[Available data Boundary: Start]

section \<open>Classification of the singular points in characteristic 2\<close>

definition singular_reps :: "('a::zero_neq_one ^ 4) set" where
  "singular_reps = {vector [0,0,1,1], vector [0,1,0,1], vector [1,0,0,1], vector [0,1,1,0], vector [1,0,1,0],
           vector [1,1,0,0], vector [0,0,0,1], vector [0,0,1,0], vector [0,1,0,0], vector [1,0,0,0]}"

lemma vec4_eq_vector_iff:
  "(x :: 'a::zero ^ 4) = vector [a, b, c, d] \<longleftrightarrow> x $ 1 = a \<and> x $ 2 = b \<and> x $ 3 = c \<and> x $ 4 = d"
  by (auto simp: vec_eq_iff forall_4)

lemma card_singular_reps: "card (singular_reps :: ('a::zero_neq_one ^ 4) set) = 10"
  by (simp add: singular_reps_def vec4_eq_vector_iff)

lemma singular_reps_transpose:
  "r \<in> singular_reps \<Longrightarrow> perm_coords (Transposition.transpose i j) r \<in> singular_reps"
  unfolding singular_reps_def using exhaust_4[of i] exhaust_4[of j]
  by (elim disjE) (auto simp: vec4_eq_vector_iff Transposition.transpose_def)

lemma singular_reps_perm_coords:
  assumes "\<sigma> permutes UNIV" and "r \<in> singular_reps"
  shows "perm_coords \<sigma> r \<in> singular_reps"
  using assms(1) finite_class.finite_UNIV assms(2)
proof (induction \<sigma> arbitrary: r rule: permutes_induct)
  case id
  then show ?case
    by (simp add: perm_coords_def)
next
  case (swap a b \<sigma>)
  have "perm_coords (Transposition.transpose a b \<circ> \<sigma>) r
      = perm_coords \<sigma> (perm_coords (Transposition.transpose a b) r)"
    by (simp only: perm_coords_comp)
  then show ?case
    by (simp only:) (intro swap.IH singular_reps_transpose swap.prems)
qed

lemma singular_reps_eq_orbits:
  "singular_reps = {perm_coords \<sigma> a | \<sigma> a. \<sigma> permutes UNIV \<and> a \<in> {vector [0,0,1,1], vector [0,0,0,1]}}"
  (is "_ = ?orbits")
proof
  show "?orbits \<subseteq> singular_reps"
  proof
    fix x assume "x \<in> ?orbits"
    then obtain \<sigma> a where "\<sigma> permutes UNIV" "a \<in> {vector [0,0,1,1], vector [0,0,0,1]}" "x = perm_coords \<sigma> a"
      by blast
    then show "x \<in> singular_reps"
      using singular_reps_perm_coords by (auto simp: singular_reps_def)
  qed
  let ?e34 = "vector [0,0,1,1] :: 'a ^ 4" and ?e4 = "vector [0,0,0,1] :: 'a ^ 4"
  have orbit: "perm_coords \<tau> a \<in> ?orbits" if "\<tau> permutes UNIV" "a \<in> {?e34, ?e4}" for \<tau> a
    using that by blast
  have base: "?e34 \<in> ?orbits" "?e4 \<in> ?orbits"
    using orbit[OF permutes_id] by (simp_all add: perm_coords_def)
  have swaps: "Transposition.transpose i j permutes UNIV"
    "Transposition.transpose i j \<circ> Transposition.transpose k l permutes UNIV" for i j k l
    by (simp_all add: permutes_compose permutes_swap_id)
  have "vector [0,1,0,1] = perm_coords (Transposition.transpose 2 3) ?e34"
    "vector [1,0,0,1] = perm_coords (Transposition.transpose 1 3) ?e34"
    "vector [0,1,1,0] = perm_coords (Transposition.transpose 2 4) ?e34"
    "vector [1,0,1,0] = perm_coords (Transposition.transpose 1 4) ?e34"
    "vector [1,1,0,0] = perm_coords (Transposition.transpose 1 3 \<circ> Transposition.transpose 2 4) ?e34"
    "vector [0,0,1,0] = perm_coords (Transposition.transpose 3 4) ?e4"
    "vector [0,1,0,0] = perm_coords (Transposition.transpose 2 4) ?e4"
    "vector [1,0,0,0] = perm_coords (Transposition.transpose 1 4) ?e4"
    by (simp_all add: vec_eq_iff forall_4 Transposition.transpose_def)
  then show "singular_reps \<subseteq> ?orbits"
    unfolding singular_reps_def insert_subset by (simp only: base) (auto intro!: orbit swaps)
qed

[Available data Boundary: End]

Nothing in the entries may be left out; each line is to be output exactly.

section \<open>Classification of the singular points in characteristic 2\<close>

definition singular_reps :: "('a::zero_neq_one ^ 4) set" where
  "singular_reps = {vector [0,0,1,1], vector [0,1,0,1], vector [1,0,0,1], vector [0,1,1,0], vector [1,0,1,0],
           vector [1,1,0,0], vector [0,0,0,1], vector [0,0,1,0], vector [0,1,0,0], vector [1,0,0,0]}"

lemma vec4_eq_vector_iff:
  "(x :: 'a::zero ^ 4) = vector [a, b, c, d] \<longleftrightarrow> x $ 1 = a \<and> x $ 2 = b \<and> x $ 3 = c \<and> x $ 4 = d"
  by (auto simp: vec_eq_iff forall_4)

lemma card_singular_reps: "card (singular_reps :: ('a::zero_neq_one ^ 4) set) = 10"
  by (simp add: singular_reps_def vec4_eq_vector_iff)

lemma singular_reps_transpose:
  "r \<in> singular_reps \<Longrightarrow> perm_coords (Transposition.transpose i j) r \<in> singular_reps"
  unfolding singular_reps_def using exhaust_4[of i] exhaust_4[of j]
  by (elim disjE) (auto simp: vec4_eq_vector_iff Transposition.transpose_def)

lemma singular_reps_perm_coords:
  assumes "\<sigma> permutes UNIV" and "r \<in> singular_reps"
  shows "perm_coords \<sigma> r \<in> singular_reps"
  using assms(1) finite_class.finite_UNIV assms(2)
proof (induction \<sigma> arbitrary: r rule: permutes_induct)
  case id
  then show ?case
    by (simp add: perm_coords_def)
next
  case (swap a b \<sigma>)
  have "perm_coords (Transposition.transpose a b \<circ> \<sigma>) r
      = perm_coords \<sigma> (perm_coords (Transposition.transpose a b) r)"
    by (simp only: perm_coords_comp)
  then show ?case
    by (simp only:) (intro swap.IH singular_reps_transpose swap.prems)
qed

lemma singular_reps_eq_orbits:
  "singular_reps = {perm_coords \<sigma> a | \<sigma> a. \<sigma> permutes UNIV \<and> a \<in> {vector [0,0,1,1], vector [0,0,0,1]}}"
  (is "_ = ?orbits")
proof
  show "?orbits \<subseteq> singular_reps"
  proof
    fix x assume "x \<in> ?orbits"
    then obtain \<sigma> a where "\<sigma> permutes UNIV" "a \<in> {vector [0,0,1,1], vector [0,0,0,1]}" "x = perm_coords \<sigma> a"
      by blast
    then show "x \<in> singular_reps"
      using singular_reps_perm_coords by (auto simp: singular_reps_def)
  qed
  let ?e34 = "vector [0,0,1,1] :: 'a ^ 4" and ?e4 = "vector [0,0,0,1] :: 'a ^ 4"
  have orbit: "perm_coords \<tau> a \<in> ?orbits" if "\<tau> permutes UNIV" "a \<in> {?e34, ?e4}" for \<tau> a
    using that by blast
  have base: "?e34 \<in> ?orbits" "?e4 \<in> ?orbits"
    using orbit[OF permutes_id] by (simp_all add: perm_coords_def)
  have swaps: "Transposition.transpose i j permutes UNIV"
    "Transposition.transpose i j \<circ> Transposition.transpose k l permutes UNIV" for i j k l
    by (simp_all add: permutes_compose permutes_swap_id)
  have "vector [0,1,0,1] = perm_coords (Transposition.transpose 2 3) ?e34"
    "vector [1,0,0,1] = perm_coords (Transposition.transpose 1 3) ?e34"
    "vector [0,1,1,0] = perm_coords (Transposition.transpose 2 4) ?e34"
    "vector [1,0,1,0] = perm_coords (Transposition.transpose 1 4) ?e34"
    "vector [1,1,0,0] = perm_coords (Transposition.transpose 1 3 \<circ> Transposition.transpose 2 4) ?e34"
    "vector [0,0,1,0] = perm_coords (Transposition.transpose 3 4) ?e4"
    "vector [0,1,0,0] = perm_coords (Transposition.transpose 2 4) ?e4"
    "vector [1,0,0,0] = perm_coords (Transposition.transpose 1 4) ?e4"
    by (simp_all add: vec_eq_iff forall_4 Transposition.transpose_def)
  then show "singular_reps \<subseteq> ?orbits"
    unfolding singular_reps_def insert_subset by (simp only: base) (auto intro!: orbit swaps)
qed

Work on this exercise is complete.